XSS (Cross-Site Scripting) is a vulnerability where an attacker injects malicious JavaScript into a web page so it runs in the victim's browser with that site's privileges.
The injected script inherits the origin's full privileges, so it can steal cookies/sessions, manipulate the DOM, fire requests on the user's behalf — essentially anything.
There are three main types: (1) Stored: the malicious script is saved in the server's DB (e.g. a comment) and repeatedly served to other users — the most dangerous; (2) Reflected: request values like URL parameters are reflected straight into the response and executed; (3) DOM-based: occurs entirely client-side when JavaScript puts untrusted input into a dangerous sink (`innerHTML`, `eval`) without the server. The common cause is inserting untrusted input into an HTML/JS execution context without escaping.
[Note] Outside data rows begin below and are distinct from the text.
(*
  Write H_n as the integral over [0,1] of sum_{j<n} 2 s^(2j+1) = 2 s (1 - s^(2n)) / (1 - s^2).
  With c_n = binom(2n,n)/4^n, the series sum_n c_n s^(2n+1)/(2n+1) is arcsin s (integrate the
  binomial series of 1/sqrt(1 - s^2)), and since its coefficients are nonnegative it sums to
  arcsin 1 = pi/2 at s = 1. Summing under the integral sign (monotone convergence) turns the
  left-hand side into the integral over [0,1] of (pi s - 2 arcsin s)/(1 - s^2). Substituting
  s = cos u, this integrand has the primitive -4 Ti2(tan(u/2)) - pi log((1 + s)/2), where
  Ti2(x) = sum_n (-1)^n x^(2n+1)/(2n+1)^2 is the inverse tangent integral, so that Ti2(1) = G.
*)
theory Submission
  imports Defs
begin

definition cbinom :: "nat \<Rightarrow> real" where
  "cbinom n = real ((2 * n) choose n) / 4 ^ n"

lemma cbinom_nonneg: "0 \<le> cbinom n"
  by (simp add: cbinom_def)

lemma cbinom_le_1: "cbinom n \<le> 1"
proof -
  have "(2 * n) choose n \<le> 4 ^ n"
    using binomial_le_pow2[of "2 * n" n] by (simp add: power_mult)
  then show ?thesis
    unfolding cbinom_def by (simp add: divide_simps flip: of_nat_le_iff)
qed

lemma cbinom_eq_gchoose: "cbinom n = (-1) ^ n * ((-1/2 :: real) gchoose n)"
proof -
  have "fact (2 * n) = 4 ^ n * pochhammer (1/2) n * (fact n :: real)"
    using pochhammer_double[of "1/2 :: real" n] by (simp add: pochhammer_fact power_mult)
  moreover have "real ((2 * n) choose n) = fact (2 * n) / (fact n * fact n)"
    by (simp add: binomial_fact mult_2)
  ultimately show ?thesis
    unfolding cbinom_def gbinomial_pochhammer by (simp add: field_simps flip: power_mult_distrib)
qed

lemma cbinom_power_series:
  assumes "\<bar>x\<bar> < 1"
  shows "(\<lambda>n. cbinom n * x ^ (2 * n)) sums (1 / sqrt (1 - x^2))"
proof -
  have "\<bar>-(x^2)\<bar> < 1"
    using assms by (simp add: abs_square_less_1)
  then have "(\<lambda>n. ((-1/2) gchoose n) * (-(x^2)) ^ n) sums (1 + -(x^2)) powr (-1/2)"
    by (rule gen_binomial_real)
  moreover have "((-1/2) gchoose n) * (-(x^2)) ^ n = cbinom n * x ^ (2 * n)" for n
    unfolding cbinom_eq_gchoose power_minus[of "x^2"] power_mult by (simp add: mult_ac)
  moreover have "(1 + -(x^2)) powr (-1/2) = 1 / sqrt (1 - x^2)"
    using assms by (simp add: powr_minus_divide powr_half_sqrt abs_square_less_1 less_imp_le)
  ultimately show ?thesis
    by simp
qed

lemma odd_power_series_deriv:
  fixes a :: "nat \<Rightarrow> real"
  assumes bounded: "\<And>n. \<bar>a n\<bar> \<le> B" and x: "\<bar>x\<bar> < 1"
  shows "summable (\<lambda>n. a n / (2 * real n + 1) * x ^ (2 * n + 1))"
    and "((\<lambda>y. \<Sum>n. a n / (2 * real n + 1) * y ^ (2 * n + 1)) has_real_derivative
          (\<Sum>n. a n * x ^ (2 * n))) (at x)"
proof -
  define r where "r = (\<bar>x\<bar> + 1) / 2"
  have r: "\<bar>x\<bar> < r" "r < 1"
    using x by (auto simp: r_def)
  have deriv: "((\<lambda>y. a n / (2 * real n + 1) * y ^ (2 * n + 1)) has_field_derivative a n * y ^ (2 * n))
      (at y within {-r..r})" for n y
    using DERIV_cmult[OF DERIV_pow[of "2 * n + 1" y], of "a n / (2 * real n + 1)"]
    by (simp add: add.commute)
  have "uniformly_convergent_on {-r..r} (\<lambda>N y. \<Sum>n<N. a n * y ^ (2 * n))"
  proof (rule Weierstrass_m_test'[where M = "\<lambda>n. B * (r^2) ^ n"])
    fix n y assume "y \<in> {-r..r}"
    then have "\<bar>y\<bar> ^ (2 * n) \<le> r ^ (2 * n)"
      by (intro power_mono) auto
    then show "norm (a n * y ^ (2 * n)) \<le> B * (r^2) ^ n"
      using bounded[of n] by (auto simp: abs_mult power_abs power_mult intro: mult_mono)
  next
    show "summable (\<lambda>n. B * (r^2) ^ n)"
      using r by (intro summable_mult summable_geometric) (simp add: abs_square_less_1)
  qed
  note series = has_field_derivative_series'[OF convex_real_interval(5) deriv this, of 0 x]
  show "summable (\<lambda>n. a n / (2 * real n + 1) * x ^ (2 * n + 1))"
    using series(1) r by (auto simp: abs_less_iff)
  show "((\<lambda>y. \<Sum>n. a n / (2 * real n + 1) * y ^ (2 * n + 1)) has_real_derivative
          (\<Sum>n. a n * x ^ (2 * n))) (at x)"
    using series(2) r by (auto simp: abs_less_iff)
qed

lemma arcsin_series:
  assumes "\<bar>x\<bar> < 1"
  shows "(\<lambda>n. cbinom n / (2 * real n + 1) * x ^ (2 * n + 1)) sums arcsin x"
proof -
  define S where "S y = (\<Sum>n. cbinom n / (2 * real n + 1) * y ^ (2 * n + 1))" for y
  have cbinom_bounded: "\<bar>cbinom n\<bar> \<le> 1" for n
    using cbinom_nonneg cbinom_le_1 by simp
  have "((\<lambda>y. S y - arcsin y) has_field_derivative 0) (at y within {-1<..<1})"
    if "y \<in> {-1<..<1}" for y
  proof -
    have y: "\<bar>y\<bar> < 1"
      using that by auto
    have "(S has_real_derivative (\<Sum>n. cbinom n * y ^ (2 * n))) (at y)"
      unfolding S_def[abs_def] by (rule odd_power_series_deriv(2)[of cbinom 1, OF cbinom_bounded y])
    also have "(\<Sum>n. cbinom n * y ^ (2 * n)) = 1 / sqrt (1 - y^2)"
      using cbinom_power_series[OF y] by (rule sums_unique[symmetric])
    finally have "(S has_real_derivative 1 / sqrt (1 - y^2)) (at y)" .
    moreover have "(arcsin has_real_derivative 1 / sqrt (1 - y^2)) (at y)"
      using that by (auto intro!: DERIV_arcsin simp: divide_inverse)
    ultimately have "((\<lambda>y. S y - arcsin y) has_real_derivative 0) (at y)"
      using DERIV_diff by fastforce
    then show ?thesis
      by (rule has_field_derivative_at_within)
  qed
  then have "\<exists>c. \<forall>y\<in>{-1<..<1}. S y - arcsin y = c"
    by (rule has_field_derivative_zero_constant[OF convex_real_interval(8)])
  then obtain c where c: "\<And>y. y \<in> {-1<..<1} \<Longrightarrow> S y - arcsin y = c"
    by blast
  have "S x - arcsin x = S 0 - arcsin 0"
    using c[of x] c[of 0] assms by (simp add: abs_less_iff)
  then have "S x = arcsin x"
    by (simp add: S_def)
  with odd_power_series_deriv(1)[of cbinom 1, OF cbinom_bounded assms] show ?thesis
    by (simp add: S_def sums_iff)
qed

lemma nonneg_power_series_sums_limit_at_left_1:
  fixes a :: "nat \<Rightarrow> real" and e :: "nat \<Rightarrow> nat"
  assumes nonneg: "\<And>n. 0 \<le> a n"
    and series: "\<And>x. 0 < x \<Longrightarrow> x < 1 \<Longrightarrow> (\<lambda>n. a n * x ^ e n) sums f x"
    and limit: "(f \<longlongrightarrow> L) (at_left 1)"
  shows "a sums L"
proof -
  have near_1: "eventually (\<lambda>x. x \<in> {0<..<1}) (at_left (1::real))"
    by (rule eventually_at_left_real) simp
  have partial_le: "(\<Sum>n<N. a n) \<le> L" for N
  proof (rule tendsto_le[OF trivial_limit_at_left_real limit])
    have "((\<lambda>x. \<Sum>n<N. a n * x ^ e n) \<longlongrightarrow> (\<Sum>n<N. a n * 1 ^ e n)) (at_left 1)"
      by (intro tendsto_intros)
    then show "((\<lambda>x. \<Sum>n<N. a n * x ^ e n) \<longlongrightarrow> (\<Sum>n<N. a n)) (at_left 1)"
      by simp
    show "eventually (\<lambda>x. (\<Sum>n<N. a n * x ^ e n) \<le> f x) (at_left 1)"
      using near_1
    proof eventually_elim
      case (elim x)
      then have "(\<Sum>n<N. a n * x ^ e n) \<le> (\<Sum>n. a n * x ^ e n)"
        using series[of x] nonneg by (intro sum_le_suminf) (auto simp: sums_iff)
      also have "\<dots> = f x"
        using series[of x] elim by (simp add: sums_iff)
      finally show ?case .
    qed
  qed
  have summable: "summable a"
    using nonneg partial_le by (rule summableI_nonneg_bounded)
  have "L \<le> suminf a"
  proof (rule tendsto_le[OF trivial_limit_at_left_real tendsto_const limit])
    show "eventually (\<lambda>x. f x \<le> suminf a) (at_left 1)"
      using near_1
    proof eventually_elim
      case (elim x)
      then have "a n * x ^ e n \<le> a n" for n
        using nonneg[of n] by (intro mult_left_le power_le_one) auto
      moreover have "(\<lambda>n. a n * x ^ e n) sums f x"
        using series elim by simp
      ultimately show ?case
        using summable_sums[OF summable] by (rule sums_le)
    qed
  qed
  moreover have "suminf a \<le> L"
    using summable partial_le by (rule suminf_le_const)
  ultimately show ?thesis
    using summable by (simp add: sums_iff)
qed

lemma arcsin_series_at_1: "(\<lambda>n. cbinom n / (2 * real n + 1)) sums (pi / 2)"
proof (rule nonneg_power_series_sums_limit_at_left_1)
  show "0 \<le> cbinom n / (2 * real n + 1)" for n
    using cbinom_nonneg by simp
  show "(\<lambda>n. cbinom n / (2 * real n + 1) * x ^ (2 * n + 1)) sums arcsin x" if "0 < x" "x < 1" for x
    using that by (intro arcsin_series) auto
  have "(arcsin \<longlongrightarrow> arcsin 1) (at_left 1)"
    using continuous_on_arcsin' by (rule continuous_on_Icc_at_leftD) simp
  then show "(arcsin \<longlongrightarrow> pi / 2) (at_left 1)"
    by simp
qed

definition Ti2 :: "real \<Rightarrow> real" where
  "Ti2 x = (\<Sum>n. (-1) ^ n / (2 * real n + 1)^2 * x ^ (2 * n + 1))"

lemma Ti2_has_real_derivative:
  assumes "\<bar>x\<bar> < 1" "x \<noteq> 0"
  shows "(Ti2 has_real_derivative arctan x / x) (at x)"
proof -
  have bounded: "\<bar>(-1) ^ n / (2 * real n + 1)\<bar> \<le> 1" for n
    by (simp add: divide_simps)
  have Ti2_eq: "Ti2 = (\<lambda>y. \<Sum>n. (-1) ^ n / (2 * real n + 1) / (2 * real n + 1) * y ^ (2 * n + 1))"
    unfolding Ti2_def by (intro ext suminf_cong) (simp add: power2_eq_square)
  have "(Ti2 has_real_derivative (\<Sum>n. (-1) ^ n / (2 * real n + 1) * x ^ (2 * n))) (at x)"
    unfolding Ti2_eq
    by (rule odd_power_series_deriv(2)[of "\<lambda>n. (-1) ^ n / (2 * real n + 1)", OF bounded assms(1)])
  moreover have "(\<lambda>n. (-1) ^ n / (2 * real n + 1) * x ^ (2 * n)) sums (arctan x / x)"
  proof (rule sums_mult_D)
    have "(\<lambda>k. (-1) ^ k * (1 / real (k * 2 + 1) * x ^ (k * 2 + 1))) sums arctan x"
      using assms summable_arctan_series[of x] arctan_series[of x] by (simp add: sums_iff)
    then show "(\<lambda>n. x * ((-1) ^ n / (2 * real n + 1) * x ^ (2 * n))) sums (arctan x)"
      by (simp add: mult_ac add.commute)
  qed fact
  ultimately show ?thesis
    by (simp add: sums_iff)
qed

lemma continuous_on_Ti2: "continuous_on {-1..1} Ti2"
proof -
  have "summable (\<lambda>n. inverse (real n ^ 2))"
    by (rule inverse_power_summable) simp
  then have "summable (\<lambda>n. inverse (real (Suc n) ^ 2))"
    by (subst summable_Suc_iff)
  then have limit: "uniform_limit {-1..1} (\<lambda>N y. \<Sum>n<N. (-1) ^ n / (2 * real n + 1)^2 * y ^ (2 * n + 1)) Ti2
      sequentially"
    unfolding Ti2_def[abs_def]
  proof (rule Weierstrass_m_test[rotated])
    fix n and y :: real
    assume "y \<in> {-1..1}"
    have "norm ((-1) ^ n / (2 * real n + 1)^2 * y ^ (2 * n + 1)) = \<bar>y\<bar> ^ (2 * n + 1) / (2 * real n + 1)^2"
      by (simp add: abs_mult power_abs)
    also have "\<dots> \<le> 1 / (2 * real n + 1)^2"
      using \<open>y \<in> {-1..1}\<close> by (intro divide_right_mono power_le_one) auto
    also have "\<dots> \<le> inverse (real (Suc n) ^ 2)"
      by (simp add: divide_simps power_mono)
    finally show "norm ((-1) ^ n / (2 * real n + 1)^2 * y ^ (2 * n + 1)) \<le> inverse (real (Suc n) ^ 2)" .
  qed
  show ?thesis
    by (intro uniform_limit_theorem[OF _ limit]) (auto intro!: always_eventually continuous_intros)
qed

lemma Ti2_0 [simp]: "Ti2 0 = 0"
  by (simp add: Ti2_def)

lemma Ti2_1: "Ti2 1 = catalan_const"
  by (simp add: Ti2_def catalan_const_def)

definition half_angle_tan :: "real \<Rightarrow> real" where
  "half_angle_tan s = sqrt (1 - s^2) / (1 + s)"

lemma half_angle_tan_bounds:
  assumes "0 \<le> s" "s \<le> 1"
  shows "0 \<le> half_angle_tan s" "half_angle_tan s \<le> 1"
proof -
  have "1 - s^2 \<le> (1 + s)^2"
    using assms by (simp add: power2_eq_square algebra_simps)
  then have "sqrt (1 - s^2) \<le> 1 + s"
    using assms real_sqrt_le_mono by fastforce
  moreover have "0 \<le> sqrt (1 - s^2)"
    using assms by (simp add: power_le_one)
  ultimately show "0 \<le> half_angle_tan s" "half_angle_tan s \<le> 1"
    using assms by (simp_all add: half_angle_tan_def)
qed

lemma half_angle_tan_strict_bounds:
  assumes "0 < s" "s < 1"
  shows "0 < half_angle_tan s" "half_angle_tan s < 1"
proof -
  have "1 - s^2 < (1 + s)^2"
    using assms by (auto simp: power2_eq_square algebra_simps intro!: add_pos_pos)
  then have "sqrt (1 - s^2) < 1 + s"
    using assms real_sqrt_less_mono by fastforce
  moreover have "0 < sqrt (1 - s^2)"
    using assms by (simp add: abs_square_less_1)
  ultimately show "0 < half_angle_tan s" "half_angle_tan s < 1"
    using assms by (simp_all add: half_angle_tan_def)
qed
The core defense is output encoding — escape data for the HTML, attribute, JS, or URL context it lands in, and prefer `textContent` over `innerHTML` or use a vetted sanitizer (DOMPurify). For defense in depth, restrict inline and external scripts with a Content-Security-Policy (CSP), set `HttpOnly` on session cookies so scripts can't read them, and apply accurate MIME types with `nosniff` to uploaded content. XSS is a foundational vulnerability that can collapse the Same-Origin Policy and CSRF defenses from the inside, so it must be a top priority to prevent.